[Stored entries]
(* Let $\alpha\in(0,1/2)$ and $N\in\mathbb{N}$. There exist $h_0>0$ and $C>0$ such that for all $h\in(0,h_0]$, all $m\in\mathbb{R}$ and every eigenfunction $v_{h,m}$ associated with $\lambda_{1,m}(h)$, $$0\leq 1-\frac{\int_{r_{\min}-h^\alpha}^{r_{\min}+h^\alpha}e^{-2\phi/h}|v_{h,m}|^2dr}{\int_{\rho_1}^{\rho_2}e^{-2\phi/h}|v_{h,m}|^2dr}\leq C\,h^N f_{1,h}(m).$$ Consequently, for every sufficiently small fixed $\delta>0$, the same estimate holds with the numerator replaced by $\int_{\rho_1+\delta}^{\rho_2-\delta}e^{-2\phi/h}|v_{h,m}|^2dr$ (for $h$ small enough depending on $\delta$).
   Context: $0<\rho_1<\rho_2$; $B\in C^\infty([\rho_1,\rho_2])$ with $\min B>0$; $\phi$ solves $\phi''+\phi'/r=B$ on $(\rho_1,\rho_2)$, $\phi(\rho_1)=\phi(\rho_2)=0$; $\phi_{\min}=\min\phi<0$ attained at a unique $r_{\min}\in(\rho_1,\rho_2)$. $\lambda_{1,m}(h)$ is the lowest eigenvalue of $-h^2(\partial_r^2+\frac{1}{4r^2})+(\frac{hm}{r}-\phi')^2-hB$ on $L^2((\rho_1,\rho_2);dr)$ with domain $H^1_0\cap H^2$, and $f_{1,h}(m)=h^{-1/2}e^{-2\phi_{\min}/h}\lambda_{1,m}(h)$. *)

theory Defs
  imports "HOL-Analysis.Analysis"
begin

text \<open>C-infinity on the closed interval [a,b]: a tower of one-sided derivatives.\<close>
definition smooth_on_interval :: "real \<Rightarrow> real \<Rightarrow> (real \<Rightarrow> real) \<Rightarrow> bool" where
  "smooth_on_interval a b f \<longleftrightarrow>
     (\<exists>D :: nat \<Rightarrow> real \<Rightarrow> real. (\<forall>x\<in>{a..b}. D 0 x = f x) \<and>
        (\<forall>k. \<forall>x\<in>{a..b}. (D k has_real_derivative D (Suc k) x) (at x within {a..b})))"

text \<open>(lam, v) is an eigenpair of
  -h^2 (d^2/dr^2 + 1/(4 r^2)) + (h m / r - phi')^2 - h B  on (rho1, rho2)
  with Dirichlet boundary conditions; v is taken C^2 on the closed interval
  (eigenfunctions in H^1_0 \<inter> H^2 are smooth up to the boundary by elliptic regularity).\<close>
definition is_eigenpair ::
  "real \<Rightarrow> real \<Rightarrow> (real \<Rightarrow> real) \<Rightarrow> (real \<Rightarrow> real) \<Rightarrow> real \<Rightarrow> real \<Rightarrow> real
   \<Rightarrow> (real \<Rightarrow> complex) \<Rightarrow> bool" where
  "is_eigenpair \<rho>1 \<rho>2 B dphi h m lam v \<longleftrightarrow>
     (\<exists>v1 v2 :: real \<Rightarrow> complex.
        (\<forall>x\<in>{\<rho>1..\<rho>2}. (v has_vector_derivative v1 x) (at x within {\<rho>1..\<rho>2}) \<and>
                         (v1 has_vector_derivative v2 x) (at x within {\<rho>1..\<rho>2})) \<and>
        continuous_on {\<rho>1..\<rho>2} v2 \<and>
        v \<rho>1 = 0 \<and> v \<rho>2 = 0 \<and> (\<exists>x\<in>{\<rho>1..\<rho>2}. v x \<noteq> 0) \<and>
        (\<forall>x\<in>{\<rho>1<..<\<rho>2}.
           - (h^2) *\<^sub>R (v2 x + (1 / (4 * x^2)) *\<^sub>R v x)
           + ((h * m / x - dphi x)^2 - h * B x) *\<^sub>R v x = lam *\<^sub>R v x))"

definition lowest_eig ::
  "real \<Rightarrow> real \<Rightarrow> (real \<Rightarrow> real) \<Rightarrow> (real \<Rightarrow> real) \<Rightarrow> real \<Rightarrow> real \<Rightarrow> real" where
  "lowest_eig \<rho>1 \<rho>2 B dphi h m = Inf {lam. \<exists>v. is_eigenpair \<rho>1 \<rho>2 B dphi h m lam v}"

definition wmass :: "(real \<Rightarrow> real) \<Rightarrow> real \<Rightarrow> (real \<Rightarrow> complex) \<Rightarrow> real \<Rightarrow> real \<Rightarrow> real" where
  "wmass phi h v a b = integral {a..b} (\<lambda>r. exp (- 2 * phi r / h) * (cmod (v r))^2)"

definition f1h ::
  "real \<Rightarrow> real \<Rightarrow> (real \<Rightarrow> real) \<Rightarrow> (real \<Rightarrow> real) \<Rightarrow> real \<Rightarrow> real \<Rightarrow> real \<Rightarrow> real" where
  "f1h \<rho>1 \<rho>2 B dphi phimin h m =
     h powr (-1/2) * exp (- 2 * phimin / h) * lowest_eig \<rho>1 \<rho>2 B dphi h m"

end

theory Submission
  imports Defs "HOL-Real_Asymp.Real_Asymp"
begin

(* With g = phi' - h (m + 1/2) / r the operator factors as L^* L with L = h d/dr + g.  For a
   real component a of an eigenfunction, w = L a satisfies (a w)' = (w^2 - lam a^2) / h, hence
   lam * int a^2 = int w^2 >= 0, and e = r^(-(m + 1/2)) e^(phi/h) turns L a = w into
   (e a)' = e w / h.  Integrating the latter between r and the endpoint on whose side
   r^(-(m + 1/2)) is smaller, using phi <= 0 and Cauchy-Schwarz, gives the pointwise bound
   |v r|^2 <= (rho2 - rho1) lam ||v||^2 e^(-2 phi r / h) / h^2.
   The flux r phi' has derivative r B > 0 and vanishes at r_min, so phi - phi_min is comparable
   to (r - r_min)^2.  Consequently the weighted mass outside |r - r_min| <= h^alpha is at most
   a fraction of order lam e^(-2 phi_min / h) e^(-c h^(2 alpha - 1)) / h^2 of the total, and
   e^(-c h^(2 alpha - 1)) beats every power of h because alpha < 1/2. *)

section \<open>Elementary real analysis\<close>

lemma quadratic_nonneg_imp_discriminant_le:
  fixes a b c :: real
  assumes nonneg: "\<And>t. 0 \<le> a * t^2 + 2 * b * t + c" and "0 \<le> a"
  shows "b^2 \<le> a * c"
proof (cases "a = 0")
  case True
  have "b = 0"
  proof (rule ccontr)
    assume "b \<noteq> 0"
    then have "a * (- (\<bar>c\<bar> + 1) / (2 * b))^2 + 2 * b * (- (\<bar>c\<bar> + 1) / (2 * b)) + c < 0"
      using True by simp
    then show False using nonneg not_le by blast
  qed
  then show ?thesis using True by simp
next
  case False
  then have "a > 0" using \<open>0 \<le> a\<close> by simp
  have "0 \<le> a * (- b / a)^2 + 2 * b * (- b / a) + c" by (rule nonneg)
  also have "\<dots> = (a * c - b^2) / a" using \<open>a > 0\<close> by (simp add: power2_eq_square field_simps)
  finally show ?thesis using \<open>a > 0\<close> by (simp add: zero_le_divide_iff)
qed

lemma Cauchy_Schwarz_integral:
  fixes f g :: "'a::euclidean_space \<Rightarrow> real"
  assumes ff: "(\<lambda>x. (f x)^2) integrable_on S" and gg: "(\<lambda>x. (g x)^2) integrable_on S"
    and fg: "(\<lambda>x. f x * g x) integrable_on S"
  shows "(integral S (\<lambda>x. f x * g x))^2 \<le> integral S (\<lambda>x. (f x)^2) * integral S (\<lambda>x. (g x)^2)"
proof (rule quadratic_nonneg_imp_discriminant_le)
  fix t :: real
  have square: "(\<lambda>x. (t * f x + g x)^2) = (\<lambda>x. t^2 * (f x)^2 + 2 * t * (f x * g x) + (g x)^2)"
    by (simp add: fun_eq_iff power2_eq_square algebra_simps)
  have "((\<lambda>x. (t * f x + g x)^2) has_integral
      t^2 * integral S (\<lambda>x. (f x)^2) + 2 * t * integral S (\<lambda>x. f x * g x)
        + integral S (\<lambda>x. (g x)^2)) S"
    unfolding square using ff gg fg
    by (intro has_integral_add has_integral_mult_right integrable_integral)
  then have "0 \<le> t^2 * integral S (\<lambda>x. (f x)^2) + 2 * t * integral S (\<lambda>x. f x * g x)
      + integral S (\<lambda>x. (g x)^2)"
    by (rule has_integral_nonneg) simp
  then show "0 \<le> integral S (\<lambda>x. (f x)^2) * t^2 + 2 * integral S (\<lambda>x. f x * g x) * t
      + integral S (\<lambda>x. (g x)^2)"
    by (simp add: algebra_simps)
qed (use ff in \<open>simp add: integral_nonneg\<close>)

lemma signed_deriv_imp_mono_sides:
  fixes F F' :: "real \<Rightarrow> real"
  assumes cont: "continuous_on {a..b} F"
    and deriv: "\<And>t. t \<in> {a<..<b} \<Longrightarrow> (F has_real_derivative F' t) (at t)"
    and sign: "\<And>t. t \<in> {a<..<b} \<Longrightarrow> 0 \<le> (t - r) * F' t"
    and xy: "a \<le> x" "x \<le> y" "y \<le> b"
  shows "r \<le> x \<Longrightarrow> F x \<le> F y" and "y \<le> r \<Longrightarrow> F y \<le> F x"
proof -
  have sub: "continuous_on {x..y} F" using cont by (rule continuous_on_subset) (use xy in auto)
  show "F x \<le> F y" if "r \<le> x"
  proof (rule DERIV_nonneg_imp_increasing_open[OF xy(2) _ sub])
    fix t assume "x < t" "t < y"
    with xy have t: "t \<in> {a<..<b}" by auto
    with sign[OF t] \<open>x < t\<close> that have "0 \<le> F' t" by (simp add: zero_le_mult_iff)
    then show "\<exists>y. (F has_real_derivative y) (at t) \<and> 0 \<le> y" using deriv[OF t] by blast
  qed
  show "F y \<le> F x" if "y \<le> r"
  proof (rule DERIV_nonpos_imp_decreasing_open[OF xy(2) _ sub])
    fix t assume "x < t" "t < y"
    with xy have t: "t \<in> {a<..<b}" by auto
    with sign[OF t] \<open>t < y\<close> that have "F' t \<le> 0" by (simp add: zero_le_mult_iff)
    then show "\<exists>y. (F has_real_derivative y) (at t) \<and> y \<le> 0" using deriv[OF t] by blast
  qed
qed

Work instructions: The lines holding the word "phimin" are the answer. Find them in the entries and copy them.

Solution to this exercise:
  "f1h \<rho>1 \<rho>2 B dphi phimin h m =
     h powr (-1/2) * exp (- 2 * phimin / h) * lowest_eig \<rho>1 \<rho>2 B dphi h m"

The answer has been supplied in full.